» **EXERCISE OBJECTIVE**
Word for word, set down every line of the entries below from the line with "only the component" to the line with "modular with unit", including both, and no other line.

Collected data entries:
(* Let $R=\bigoplus_{s\in S}R_s$ be an $S$-graded ring inducing $S$ which is graded von Neumann regular. Then: (i) every homogeneous right (resp. left) ideal $I$ of $R$ satisfies $I^2=I$; (ii) every homogeneous two-sided ideal of $R$ is graded semiprime. If moreover $R$ is nearly epsilon-strongly graded, then: (iii) the graded Jacobson radical $J^g(R)$ is zero.
   Context: Rings are associative, not necessarily unital. $S$-graded ring inducing $S$: $S$ a partial groupoid, $R=\bigoplus_{s\in S}R_s$, $R_sR_t\subseteq R_{st}$ when $st$ defined, $R_sR_t\ne0$ implies $st$ defined. Convention: $0\in S$, $R_0=0$, $S\setminus\{0\}=\{s:R_s\ne0\}$, undefined products set to $0$, $0$ absorbing. $H_R=\bigcup_sR_s$. An ideal $J$ is homogeneous if $J=\bigoplus_s(J\cap R_s)$. A homogeneous two-sided ideal $P$ is graded semiprime if for every homogeneous two-sided ideal $I$ and positive integer $n$, $I^n\subseteq P$ implies $I\subseteq P$. $R$ is graded von Neumann regular if $x\in xRx$ for all $x\in H_R$. $S$ cancellative: $0\ne su=tu$ or $0\ne us=ut$ implies $s=t$. (LRI): for every $s$ there exist $s^{-1}$ and idempotents $e,f$ with $es=sf=s$, $fs^{-1}=s^{-1}e=s^{-1}$, $ss^{-1}=e$, $s^{-1}s=f$. $R$ is nearly epsilon-strongly graded if $S$ is cancellative, satisfies (LRI), and for every $s$ and $x\in R_s$ there exist $\epsilon(x)\in R_sR_{s^{-1}}$, $\epsilon'(x)\in R_{s^{-1}}R_s$ (additive subgroups generated by products) with $\epsilon(x)x=x=x\epsilon'(x)$. Graded Jacobson radical (for cancellative $S$): a homogeneous right ideal $M$ is graded modular if there is $u\in H_R$ with $ux-x\in M$ for all $x\in H_R$; a graded maximal modular right ideal is a graded modular right ideal that is maximal among proper homogeneous right ideals; $J^g(R)$ is the intersection of all graded maximal modular right ideals (equal to $R$ if there are none). *)

theory Defs
  imports Main
begin

text \<open>The ring R is the whole carrier of a type of class ring (associative,
 not necessarily unital). The partial groupoid S is the whole type 's, with a
 total multiplication smul in which the distinguished element z plays the role
 of 0 (undefined products are z, z absorbing).\<close>

inductive_set add_gen :: "'a::ring set \<Rightarrow> 'a set" for X where
  zero: "0 \<in> add_gen X"
| base: "x \<in> X \<Longrightarrow> x \<in> add_gen X"
| diff: "a \<in> add_gen X \<Longrightarrow> b \<in> add_gen X \<Longrightarrow> a - b \<in> add_gen X"

definition setmul :: "'a::ring set \<Rightarrow> 'a set \<Rightarrow> 'a set" where
  "setmul A B = add_gen {a * b | a b. a \<in> A \<and> b \<in> B}"

text \<open>Powers I^n for n \<ge> 1 (the value at 0 is irrelevant).\<close>
fun ideal_pow :: "'a::ring set \<Rightarrow> nat \<Rightarrow> 'a set" where
  "ideal_pow I 0 = UNIV"
| "ideal_pow I (Suc 0) = I"
| "ideal_pow I (Suc (Suc n)) = setmul (ideal_pow I (Suc n)) I"

definition add_subgroup :: "'a::ring set \<Rightarrow> bool" where
  "add_subgroup A \<longleftrightarrow> 0 \<in> A \<and> (\<forall>a\<in>A. \<forall>b\<in>A. a - b \<in> A)"

definition right_ideal :: "'a::ring set \<Rightarrow> bool" where
  "right_ideal J \<longleftrightarrow> add_subgroup J \<and> (\<forall>a\<in>J. \<forall>r. a * r \<in> J)"

definition left_ideal :: "'a::ring set \<Rightarrow> bool" where
  "left_ideal J \<longleftrightarrow> add_subgroup J \<and> (\<forall>a\<in>J. \<forall>r. r * a \<in> J)"

definition two_sided_ideal :: "'a::ring set \<Rightarrow> bool" where
  "two_sided_ideal J \<longleftrightarrow> right_ideal J \<and> left_ideal J"

definition graded_ring_inducing :: "('s \<Rightarrow> 's \<Rightarrow> 's) \<Rightarrow> 's \<Rightarrow> ('s \<Rightarrow> 'a::ring set) \<Rightarrow> bool" where
  "graded_ring_inducing smul z Rs \<longleftrightarrow>
     (\<forall>s. smul z s = z \<and> smul s z = z) \<and>
     (\<forall>s. add_subgroup (Rs s)) \<and>
     Rs z = {0} \<and>
     (\<forall>s. s \<noteq> z \<longrightarrow> Rs s \<noteq> {0}) \<and>
     (\<forall>x. \<exists>!f. (\<forall>s. f s \<in> Rs s) \<and> finite {s. f s \<noteq> 0} \<and> x = (\<Sum>s\<in>{s. f s \<noteq> 0}. f s)) \<and>
     (\<forall>s t a b. a \<in> Rs s \<longrightarrow> b \<in> Rs t \<longrightarrow> a * b \<in> Rs (smul s t))"

definition homog_elems :: "('s \<Rightarrow> 'a::ring set) \<Rightarrow> 'a set" where
  "homog_elems Rs = (\<Union>s. Rs s)"

definition homogeneous :: "('s \<Rightarrow> 'a::ring set) \<Rightarrow> 'a set \<Rightarrow> bool" where
  "homogeneous Rs J \<longleftrightarrow>
     (\<forall>x\<in>J. \<exists>f. (\<forall>s. f s \<in> J \<inter> Rs s) \<and> finite {s. f s \<noteq> 0} \<and> x = (\<Sum>s\<in>{s. f s \<noteq> 0}. f s))"

definition graded_vnr :: "('s \<Rightarrow> 'a::ring set) \<Rightarrow> bool" where
  "graded_vnr Rs \<longleftrightarrow> (\<forall>x\<in>homog_elems Rs. \<exists>r. x = x * r * x)"

definition graded_semiprime :: "('s \<Rightarrow> 'a::ring set) \<Rightarrow> 'a set \<Rightarrow> bool" where
  "graded_semiprime Rs P \<longleftrightarrow> homogeneous Rs P \<and> two_sided_ideal P \<and>
     (\<forall>I n. homogeneous Rs I \<longrightarrow> two_sided_ideal I \<longrightarrow> n > 0 \<longrightarrow>
        ideal_pow I n \<subseteq> P \<longrightarrow> I \<subseteq> P)"

definition cancellative :: "('s \<Rightarrow> 's \<Rightarrow> 's) \<Rightarrow> 's \<Rightarrow> bool" where
  "cancellative smul z \<longleftrightarrow>
     (\<forall>s t u. (smul s u \<noteq> z \<and> smul s u = smul t u) \<longrightarrow> s = t) \<and>
     (\<forall>s t u. (smul u s \<noteq> z \<and> smul u s = smul u t) \<longrightarrow> s = t)"

definition LRI_inv :: "('s \<Rightarrow> 's \<Rightarrow> 's) \<Rightarrow> 's \<Rightarrow> 's \<Rightarrow> bool" where
  "LRI_inv smul s s' \<longleftrightarrow> (\<exists>e f. smul e e = e \<and> smul f f = f \<and>
     smul e s = s \<and> smul s f = s \<and> smul f s' = s' \<and> smul s' e = s' \<and>
     smul s s' = e \<and> smul s' s = f)"

definition nearly_epsilon_strongly_graded ::
    "('s \<Rightarrow> 's \<Rightarrow> 's) \<Rightarrow> 's \<Rightarrow> ('s \<Rightarrow> 'a::ring set) \<Rightarrow> bool" where
  "nearly_epsilon_strongly_graded smul z Rs \<longleftrightarrow> cancellative smul z \<and>
     (\<forall>s. \<exists>s'. LRI_inv smul s s' \<and>
        (\<forall>x\<in>Rs s. \<exists>\<epsilon> \<epsilon>'. \<epsilon> \<in> setmul (Rs s) (Rs s') \<and> \<epsilon>' \<in> setmul (Rs s') (Rs s) \<and>
            \<epsilon> * x = x \<and> x * \<epsilon>' = x))"

definition graded_modular :: "('s \<Rightarrow> 'a::ring set) \<Rightarrow> 'a set \<Rightarrow> bool" where
  "graded_modular Rs M \<longleftrightarrow> homogeneous Rs M \<and> right_ideal M \<and>
     (\<exists>u\<in>homog_elems Rs. \<forall>x\<in>homog_elems Rs. u * x - x \<in> M)"

definition graded_max_modular :: "('s \<Rightarrow> 'a::ring set) \<Rightarrow> 'a set \<Rightarrow> bool" where
  "graded_max_modular Rs M \<longleftrightarrow> graded_modular Rs M \<and> M \<noteq> UNIV \<and>
     (\<forall>N. homogeneous Rs N \<and> right_ideal N \<and> N \<noteq> UNIV \<and> M \<subseteq> N \<longrightarrow> N = M)"

definition graded_jacobson :: "('s \<Rightarrow> 'a::ring set) \<Rightarrow> 'a set" where
  "graded_jacobson Rs = \<Inter> {M. graded_max_modular Rs M}"

end

theory Submission
  imports Defs
begin

text \<open>A homogeneous element x with x = x r x factors as (x r) x and as x (r x), so every
  homogeneous one-sided ideal is idempotent; hence powers of homogeneous ideals never
  shrink, which gives graded semiprimeness.

  For the radical, take a nonzero homogeneous a \<in> R_s with a = a r a. By cancellativity
  only the component of r of degree s^{-1} contributes to the degree-s part of a r a, so
  a = a b a with b \<in> R_{s^{-1}}. Then u = a b is a homogeneous idempotent with u a = a, and
  left multiplication by u preserves degrees. Thus {y - u y} is a homogeneous right ideal,
  modular with unit u and not containing u; by Zorn it lies in a graded maximal modular
  right ideal avoiding u, which therefore cannot contain a. Only cancellativity and (LRI)
  are used, not the epsilon elements.\<close>

lemma add_subgroup_add: "add_subgroup A \<Longrightarrow> a \<in> A \<Longrightarrow> b \<in> A \<Longrightarrow> a + b \<in> A"
  unfolding add_subgroup_def by (metis diff_0 diff_minus_eq_add)

lemma add_subgroup_sum:
  assumes "add_subgroup A" and "finite T" and "\<And>t. t \<in> T \<Longrightarrow> g t \<in> A"
  shows "sum g T \<in> A"
  using assms(2,3)
proof (induction T rule: finite_induct)
  case empty
  then show ?case using assms(1) by (simp add: add_subgroup_def)
next
  case (insert x F)
  then show ?case using assms(1) by (simp add: add_subgroup_add)
qed

lemma add_subgroup_add_gen: "add_subgroup (add_gen X)"
  unfolding add_subgroup_def by (auto intro: add_gen.intros)
lemma has_integral_pooled_density:
  assumes td: "type_density f" and hl: "0 \<le> h" "h \<le> l" "l \<le> u" "u \<le> 1"
    and low: "((\<lambda>t. f t * v t) has_integral M) {0..h}"
      "((\<lambda>t. t * f t * v t) has_integral MT) {0..h}"
    and W: "\<And>t. t \<in> {0..1} \<Longrightarrow>
      W t = (if t \<le> h then f t * v t else if l < t \<and> t \<le> u then f t else 0)"
  shows "(W has_integral M + integral {l..u} f) {0..1}"
    and "((\<lambda>t. t * W t) has_integral MT + integral {l..u} (\<lambda>t. t * f t)) {0..1}"
proof -
  have sub: "{0..h} \<subseteq> {0..1}" "{l..u} \<subseteq> {0..1}" using hl by auto
  have i1: "((\<lambda>t. if t \<in> {0..h} then f t * v t else 0) has_integral M) {0..1}"
    "((\<lambda>t. if t \<in> {0..h} then t * f t * v t else 0) has_integral MT) {0..1}"
    using low sub by (subst has_integral_restrict; simp)+
  have i2: "((\<lambda>t. if t \<in> {l..u} then f t else 0) has_integral integral {l..u} f) {0..1}"
    "((\<lambda>t. if t \<in> {l..u} then t * f t else 0) has_integral integral {l..u} (\<lambda>t. t * f t)) {0..1}"
    using type_density_integrable[OF td, of l u] type_density_integrable_mult_id[OF td, of l u] hl sub
    by (subst has_integral_restrict; simp add: integrable_integral)+
  have eq: "(if t \<in> {0..h} then f t * v t else 0) + (if t \<in> {l..u} then f t else 0) = W t"
    "(if t \<in> {0..h} then t * f t * v t else 0) + (if t \<in> {l..u} then t * f t else 0) = t * W t"
    if "t \<in> {0..1} - {l}" for t
    using that hl W[of t] by auto
  show "(W has_integral M + integral {l..u} f) {0..1}"
    using has_integral_add[OF i1(1) i2(1)] has_integral_spike_finite_eq[of "{l}" "{0..1}", OF _ eq(1)]
    by auto
  show "((\<lambda>t. t * W t) has_integral MT + integral {l..u} (\<lambda>t. t * f t)) {0..1}"
    using has_integral_add[OF i1(2) i2(2)] has_integral_spike_finite_eq[of "{l}" "{0..1}", OF _ eq(2)]
    by auto
qed

lemma has_integral_truncated_density:
  assumes td: "type_density f"
    and W: "\<And>t. t \<in> {0..1} \<Longrightarrow> W t = (if t < c then f t else 0)"
  shows "(W has_integral integral {0..min c 1} f) {0..1}"
    and "((\<lambda>t. t * W t) has_integral integral {0..min c 1} (\<lambda>t. t * f t)) {0..1}"
proof -
  have sub: "{0..min c 1} \<subseteq> {0..1}" by auto
  have i: "((\<lambda>t. if t \<in> {0..min c 1} then f t else 0) has_integral integral {0..min c 1} f) {0..1}"
    "((\<lambda>t. if t \<in> {0..min c 1} then t * f t else 0) has_integral
        integral {0..min c 1} (\<lambda>t. t * f t)) {0..1}"
    using type_density_integrable[OF td, of 0 "min c 1"]
      type_density_integrable_mult_id[OF td, of 0 "min c 1"] sub
    by (subst has_integral_restrict; simp add: integrable_integral)+
  have eq: "(if t \<in> {0..min c 1} then f t else 0) = W t"
    "(if t \<in> {0..min c 1} then t * f t else 0) = t * W t"
    if "t \<in> {0..1} - {min c 1}" for t
    using that W[of t] by auto
  show "(W has_integral integral {0..min c 1} f) {0..1}"
    using i(1) has_integral_spike_finite_eq[of "{min c 1}" "{0..1}", OF _ eq(1)] by auto
  show "((\<lambda>t. t * W t) has_integral integral {0..min c 1} (\<lambda>t. t * f t)) {0..1}"
    using i(2) has_integral_spike_finite_eq[of "{min c 1}" "{0..1}", OF _ eq(2)] by auto
qed

section \<open>The candidate equilibrium\<close>

locale bailout_candidate =
  fixes f :: "real \<Rightarrow> real" and I S \<theta>0 pg \<mu>g \<theta>bg \<theta>bm \<theta>h :: real
  assumes dens: "type_density f"
    and \<theta>0: "0 < \<theta>0" "\<theta>0 < pg + S" "\<theta>0 - S = cexp_le f \<theta>0"
    and pg_S: "pg + S < 1"
    and \<mu>g: "0 < \<mu>g" "\<mu>g < 1"
    and prices: "\<theta>bg < \<theta>bm" "\<theta>bm < pg"
    and \<theta>h_pos: "0 < \<theta>h"
    and indiff_recipient: "pg + \<theta>bg = 2 * \<theta>bm"
    and indiff_cutoff: "2 * \<theta>bm + 2 * S = \<theta>h + pg + S"
    and \<theta>bg_ge_I: "I \<le> \<theta>bg"
    and pooled_mean: "\<mu>g * \<theta>bg + (1 - \<mu>g) * \<theta>bm = cexp_le f \<theta>h"
    and gov_pool_feasible: "cexp_le f (Finv f (\<mu>g * Fc f \<theta>h)) \<le> \<theta>bg"
    and no_deviation_recipients: "\<forall>p'\<in>{\<theta>bg<..pg}.
       (\<mu>g * Fc f \<theta>h * \<theta>bg + integral {\<theta>h..p' + S} (\<lambda>t. t * f t)) /
       (\<mu>g * Fc f \<theta>h + Fc f (p' + S) - Fc f \<theta>h) - p' < 0"
    and no_deviation_nonrecipients: "\<forall>p'\<in>{pg<..1 - S}.
       ((1 - \<mu>g) * Fc f \<theta>h * \<theta>bm + integral {pg + S..p' + S} (\<lambda>t. t * f t)) /
       ((1 - \<mu>g) * Fc f \<theta>h + Fc f (p' + S) - Fc f (pg + S)) - p' < 0"
begin

lemma \<theta>h_eq: "\<theta>h = \<theta>bg + S"
  using indiff_recipient indiff_cutoff by linarith

lemma \<theta>h_lt: "\<theta>h < pg + S" "\<theta>h < 1"
  using \<theta>h_eq prices pg_S by linarith+

lemma \<theta>bm_ge_I: "I \<le> \<theta>bm" and pg_ge_I: "I \<le> pg"
  using \<theta>bg_ge_I prices by linarith+

definition "Fh = Fc f \<theta>h"
definition "Th = integral {0..\<theta>h} (\<lambda>t. t * f t)"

» **SOLUTION**
  only the component of r of degree s^{-1} contributes to the degree-s part of a r a, so
  a = a b a with b \<in> R_{s^{-1}}. Then u = a b is a homogeneous idempotent with u a = a, and
  left multiplication by u preserves degrees. Thus {y - u y} is a homogeneous right ideal,
  modular with unit u and not containing u; by Zorn it lies in a graded maximal modular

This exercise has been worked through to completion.